For the word "ereal", count the lines in the records below that include it and give only that number.

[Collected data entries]
------------------------------------------------------------------------
theorem mainTheorem3:
  fixes f :: "'a::euclidean_space \<Rightarrow> ereal" and lam :: real
  assumes "proper_fun f" and "lsc_fun f" and "prox_bounded f"
    and "prox_threshold f > 0"
    and "0 < lam" and "ereal lam < prox_threshold f"
  shows "(firmly_nonexpansive (prox_map f lam) \<longleftrightarrow> monotone_op (prox_subdiff f lam))
       \<and> (monotone_op (prox_subdiff f lam) \<longleftrightarrow> maximal_monotone_op (prox_subdiff f lam))
       \<and> (maximal_monotone_op (prox_subdiff f lam) \<longleftrightarrow> convex_efun (moreau_env f lam))
       \<and> (convex_efun (moreau_env f lam) \<longleftrightarrow> convex_efun f)"
proof -
  (* prox_bounded f and 0 < prox_threshold f already follow from 0 < lam < prox_threshold f. *)
  interpret prox_below_threshold f lam
    using assms by unfold_locales
  have "maximal_monotone_op (prox_subdiff f lam) \<longleftrightarrow> convex_on UNIV env"
    using firmly_nonexpansive_iff_monotone monotone_iff_maximal_monotone
      firmly_nonexpansive_if_convex_env convex_env_if_firmly_nonexpansive by blast
  moreover have "convex_on UNIV env \<longleftrightarrow> convex_efun f"
    using convex_if_convex_env convex_env_if_convex by blast
  ultimately show ?thesis
    using firmly_nonexpansive_iff_monotone monotone_iff_maximal_monotone convex_moreau_env_iff
    by simp
qed

end
(* Let $\boldsymbol{\Sigma}$ be symmetric positive definite on $\mathbb{R}^d$ with extreme eigenvalues $\lambda_{\max},\lambda_{\min}$, let $f(\mathbf{x})=\mathrm{pos}(\mathbf{r}_*^{\mathsf T}\mathbf{x})$ with $\|\mathbf{r}_*\|_2=1$, $q\ge2$ and $k\in\{1,\dots,q-1\}$ with $k\neq q/2$. Let $\varepsilon,\delta\in(0,1)$ and let $\hat{\mathbf{r}}$ be a unit vector with $\min\{\|\hat{\mathbf{r}}-\mathbf{r}_*\|_2,\|\hat{\mathbf{r}}+\mathbf{r}_*\|_2\}\le\varepsilon$. Let $h(\mathbf{x})=\mathrm{pos}(\hat{\mathbf{r}}^{\mathsf T}\mathbf{x})$, $\tilde h(\mathbf{x})=\mathrm{pos}(-\hat{\mathbf{r}}^{\mathsf T}\mathbf{x})$, let $\mathcal{M}$ be a collection of $s$ bags sampled i.i.d. from $\mathrm{Ex}(f,N(\mathbf{0},\boldsymbol{\Sigma}),q,k)$ (independently of $\hat{\mathbf{r}}$), and let $h^*\in\{h,\tilde h\}$ be the one with lower $\mathrm{BagErr}_{\mathrm{sample}}(\cdot,\mathcal{M})$. Then there are absolute constants $C,c_0>0$ such that if $s\ge Cd(\log q+\log(1/\delta))/\varepsilon^2$, with probability at least $1-\delta/2$, $\Pr_{\mathbf{x}\sim N(\mathbf{0},\boldsymbol{\Sigma})}[h^*(\mathbf{x})\neq f(\mathbf{x})]\le16c_0q\varepsilon\sqrt{\lambda_{\max}/\lambda_{\min}}$.
   Context: $\mathrm{pos}(a)=1$ if $a>0$, else $0$. The bag oracle $\mathrm{Ex}(f,\mathcal{D},q,k)$ returns a bag $B$ of $q$ independent points, $k$ drawn from $\mathcal{D}$ conditioned on $f=1$ and $q-k$ from $\mathcal{D}$ conditioned on $f=0$. $\mathrm{BagErr}_{\mathrm{sample}}(h,\mathcal{M}):=|\{B\in\mathcal{M}:\mathrm{Avg}\{h(\mathbf{x}):\mathbf{x}\in B\}\neq k/q\}|/|\mathcal{M}|$. *)

theory Defs
  imports "HOL-Probability.Probability"
begin
definition frozen_walk_points :: "(int \<times> int) list" where
  "frozen_walk_points =
    [(0, 0), (1, 0), (1, 1), (0, 1), (-1, 1), (-2, 1), (-2, 0), (-2, -1), (-2, -2), (-1, -2),
     (0, -2), (1, -2), (2, -2), (3, -2), (3, -1), (3, 0), (3, 1), (3, 2), (3, 3), (2, 3), (1, 3),
     (0, 3), (-1, 3), (-2, 3), (-3, 3), (-4, 3), (-4, 2), (-4, 1), (-4, 0), (-4, -1), (-4, -2),
     (-4, -3), (-4, -4), (-3, -4), (-2, -4), (-1, -4), (0, -4), (1, -4), (2, -4), (3, -4),
     (4, -4), (5, -4), (6, -4), (7, -4), (7, -3), (7, -2), (6, -2), (6, -3), (5, -3), (5, -2),
     (5, -1), (5, 0), (5, 1), (5, 2), (5, 3), (5, 4), (5, 5), (4, 5), (3, 5), (2, 5), (1, 5),
     (0, 5), (0, 6), (-1, 6), (-2, 6), (-3, 6), (-4, 6), (-4, 5), (-5, 5), (-6, 5), (-6, 4),
     (-6, 3), (-6, 2), (-6, 1), (-6, 0), (-7, 0), (-8, 0), (-8, -1), (-8, -2), (-8, -3),
     (-7, -3), (-6, -3), (-6, -4), (-6, -5), (-6, -6), (-5, -6), (-4, -6), (-3, -6), (-2, -6),
     (-2, -7), (-1, -7), (0, -7), (1, -7), (2, -7), (3, -7), (3, -8), (3, -9), (2, -9), (1, -9),
     (0, -9), (-1, -9), (-1, -8), (-2, -8), (-3, -8), (-3, -7), (-4, -7), (-5, -7), (-6, -7),
     (-7, -7), (-7, -6), (-7, -5), (-7, -4), (-8, -4), (-9, -4), (-9, -3), (-9, -2), (-9, -1),
     (-9, 0), (-9, 1), (-8, 1), (-7, 1), (-7, 2), (-7, 3), (-7, 4), (-7, 5), (-7, 6), (-6, 6),
     (-5, 6), (-5, 7), (-4, 7), (-3, 7), (-2, 7), (-1, 7), (0, 7), (1, 7), (2, 7), (3, 7),
     (3, 6), (4, 6), (5, 6), (6, 6), (6, 5), (6, 4), (6, 3), (6, 2), (6, 1), (6, 0), (6, -1),
     (7, -1), (7, 0), (7, 1), (8, 1), (8, 0), (8, -1), (8, -2), (8, -3), (8, -4), (8, -5),
     (7, -5), (6, -5), (5, -5), (4, -5), (3, -5), (2, -5), (1, -5), (0, -5), (0, -6), (-1, -6),
     (-1, -5), (-2, -5), (-3, -5), (-4, -5), (-5, -5), (-5, -4), (-5, -3), (-5, -2), (-6, -2),
     (-7, -2), (-7, -1), (-6, -1), (-5, -1), (-5, 0), (-5, 1), (-5, 2), (-5, 3), (-5, 4),
     (-4, 4), (-3, 4), (-3, 5), (-2, 5), (-2, 4), (-1, 4), (0, 4), (1, 4), (2, 4), (3, 4),
     (4, 4), (4, 3), (4, 2), (4, 1), (4, 0), (4, -1), (4, -2), (4, -3), (3, -3), (2, -3),
     (1, -3), (0, -3), (-1, -3), (-2, -3), (-3, -3), (-3, -2), (-3, -1), (-3, 0), (-3, 1),
     (-3, 2), (-2, 2), (-1, 2), (0, 2), (1, 2), (2, 2), (2, 1), (2, 0), (2, -1), (1, -1),
     (0, -1), (-1, -1), (-1, 0)]"

text \<open>Entry \<open>t\<close> of each table is a collision for the pivot at index \<open>t + 2\<close>.\<close>

definition frozen_walk_collisions_cw :: "(nat \<times> nat) list" where
  "frozen_walk_collisions_cw =
    [(0, 224), (1, 221), (2, 218), (1, 21), (0, 22), (1, 23), (2, 26), (1, 27), (2, 28), (5, 33),
     (4, 34), (3, 35), (2, 36), (3, 37), (4, 38), (5, 39), (8, 44), (7, 45), (6, 50), (7, 51),
     (8, 52), (11, 57), (10, 58), (9, 59), (8, 60), (9, 61), (11, 63), (12, 64), (13, 65),
     (13, 67), (14, 70), (13, 71), (14, 72), (15, 73), (16, 74), (20, 80), (19, 81), (21, 85),
     (20, 86), (19, 87), (18, 88), (18, 90), (15, 95), (18, 92), (19, 93), (20, 92), (46, 48),
     (47, 49), (46, 50), (22, 92), (23, 93), (24, 94), (52, 144), (53, 143), (54, 142),
     (55, 141), (56, 138), (56, 136), (57, 135), (58, 134), (60, 62), (60, 134), (62, 132),
     (63, 131), (64, 130), (65, 129), (66, 68), (66, 126), (68, 126), (69, 123), (70, 122),
     (71, 121), (70, 118), (73, 75), (72, 118), (75, 119), (76, 116), (77, 115), (78, 114),
     (79, 111), (80, 82), (79, 109), (82, 110), (83, 109), (84, 106), (85, 105), (85, 103),
     (87, 89), (87, 103), (89, 101), (89, 99), (90, 98), (91, 97), (93, 95), (93, 97), (95, 97),
     (93, 99), (92, 100), (92, 102), (99, 101), (90, 102), (89, 103), (102, 104), (87, 105),
     (86, 106), (85, 107), (84, 108), (107, 109), (84, 110), (83, 111), (80, 112), (79, 113),
     (112, 114), (79, 115), (78, 116), (77, 117), (76, 118), (117, 119), (76, 120), (73, 121),
     (72, 122), (71, 123), (70, 124), (69, 125), (124, 126), (69, 127), (66, 128), (127, 129),
     (66, 130), (65, 131), (64, 132), (63, 133), (62, 134), (60, 136), (60, 138), (135, 137),
     (58, 138), (57, 139), (56, 140), (139, 141), (56, 142), (55, 143), (54, 144), (53, 145),
     (52, 146), (51, 147), (46, 148), (45, 153), (148, 152), (149, 151), (150, 152), (149, 153),
     (148, 154), (45, 155), (44, 156), (43, 157), (156, 158), (43, 159), (42, 160), (41, 161),
     (40, 162), (39, 163), (38, 164), (37, 165), (35, 167), (165, 167), (166, 168), (35, 169),
     (34, 170), (33, 171), (32, 172), (171, 173), (32, 174), (31, 175), (28, 178), (175, 179),
     (176, 178), (177, 179), (176, 180), (29, 181), (28, 182), (27, 183), (26, 184), (25, 185),
     (184, 186), (25, 187), (23, 189), (187, 189), (188, 190), (23, 191), (22, 192), (21, 193),
     (20, 194), (19, 195), (18, 196), (195, 197), (18, 198), (17, 199), (16, 200), (15, 201),
     (14, 202), (13, 203), (202, 204), (13, 205), (12, 206), (11, 207), (10, 208), (9, 209),
     (8, 210), (209, 211), (8, 212), (7, 213), (6, 214), (5, 215), (214, 216), (5, 217),
     (4, 218), (3, 219), (2, 220), (219, 221), (2, 222), (1, 223), (222, 224), (1, 225),
     (0, 226), (225, 227)]"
------------------------------------------------------------------------
Your solution → 2